BEGIN

lemma not_essentially_self_adjoint_if_radial_wronskian:
  assumes U: "admissible_profile S U U' U''" and V: "admissible_profile T V V' V''"
    and wronskian: "((\<lambda>x. (V x / x) * U' x - (V' x / x) * U x) \<longlongrightarrow> c) (at_right 1)" and "c \<noteq> 0"
  shows "\<not> essentially_self_adjoint Delta_ex_graph"
proof (rule not_essentially_self_adjoint_if_adjoint_not_symmetric)
  show "(radial U, radial (radial_Delta_ex U U' U'')) \<in> graph_adjoint Delta_ex_graph"
    "(radial V, radial (radial_Delta_ex V V' V'')) \<in> graph_adjoint Delta_ex_graph"
    using U V by (simp_all add: admissible_profile.radial_in_graph_adjoint)
  show "L2_inner (radial (radial_Delta_ex U U' U'')) (radial V) \<noteq> L2_inner (radial U) (radial (radial_Delta_ex V V' V''))"
    using boundary_form_radial[OF U V wronskian] \<open>c \<noteq> 0\<close> by auto
qed (rule Delta_ex_graph_L2)

section \<open>Cut-off profiles\<close>

definition ramp :: "real \<Rightarrow> real" where
  "ramp x = max 0 (2 - x)"

(* cutoff1 and cutoff2 are the first two derivatives of cutoff0 k f = f k^3 when k' = -1.  They
   are used with k = ramp and, near x = 1 where real_asymp applies, with k x = 2 - x. *)
definition cutoff0 :: "(real \<Rightarrow> real) \<Rightarrow> (real \<Rightarrow> real) \<Rightarrow> real \<Rightarrow> real" where
  "cutoff0 k f x = f x * k x ^ 3"

definition cutoff1 :: "(real \<Rightarrow> real) \<Rightarrow> (real \<Rightarrow> real) \<Rightarrow> (real \<Rightarrow> real) \<Rightarrow> real \<Rightarrow> real" where
  "cutoff1 k f f' x = f' x * k x ^ 3 - 3 * f x * k x ^ 2"
(* Let $n,k,r$ be integers with $k,r\geq 2$, $k<r$ and $n\geq k+r$, and let $H$ be a vertex-$k$-maximal $r$-uniform hypergraph on $n$ vertices. Let $S$ be a minimum vertex-cut of $H$, $C_1$ a component of $H-S$, $C_2=H-(V(C_1)\cup S)$, $H_1=H[V(C_1)\cup S]$ and $H_2=H[V(C_2)\cup S]$. Then both $H_1$ and $H_2$ are vertex-$k$-maximal $r$-uniform hypergraphs.
   Context: A hypergraph $H=(V,E)$ consists of a finite vertex set $V$ and a set $E$ of non-empty subsets of $V$ (edges); it is $r$-uniform if all edges have exactly $r$ elements. The complement $H^c$ has as edges the $r$-subsets of $V$ not in $E$. A subhypergraph is $H'=(V',E')$ with $V'\subseteq V$, $E'\subseteq E$. $H+e=(V,E\cup\{e\})$ for $e\in E(H^c)$. For $Y\subseteq V$, $H[Y]$ is the induced hypergraph with vertex set $Y$ and edges $\{e\in E: e\subseteq Y\}$, and $H-Y=H[V\setminus Y]$. Connectedness and components are defined via paths (alternating sequences of distinct vertices and distinct edges with consecutive vertices in the intermediate edge). A vertex-cut is a set $X$ with $H-X$ disconnected. $\kappa(H)$ is the minimum size of a vertex-cut if one exists, and $|V(H)|-1$ otherwise. $\overline{\kappa}(H)=\max\{\kappa(H'): H'\subseteq H\}$. An $r$-uniform hypergraph $H$ is vertex-$k$-maximal if $\overline{\kappa}(H)\leq k$ but $\overline{\kappa}(H+e)\geq k+1$ for every $e\in E(H^c)$. *)

theory Defs
  imports Main
begin

definition hypergraph :: "'a set \<Rightarrow> 'a set set \<Rightarrow> bool" where
  "hypergraph V E \<longleftrightarrow> finite V \<and> (\<forall>e\<in>E. e \<noteq> {} \<and> e \<subseteq> V)"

END

Assignment: Working from the records above, find how many lines contain the string "rule" and answer with the bare number.

Expected output: 2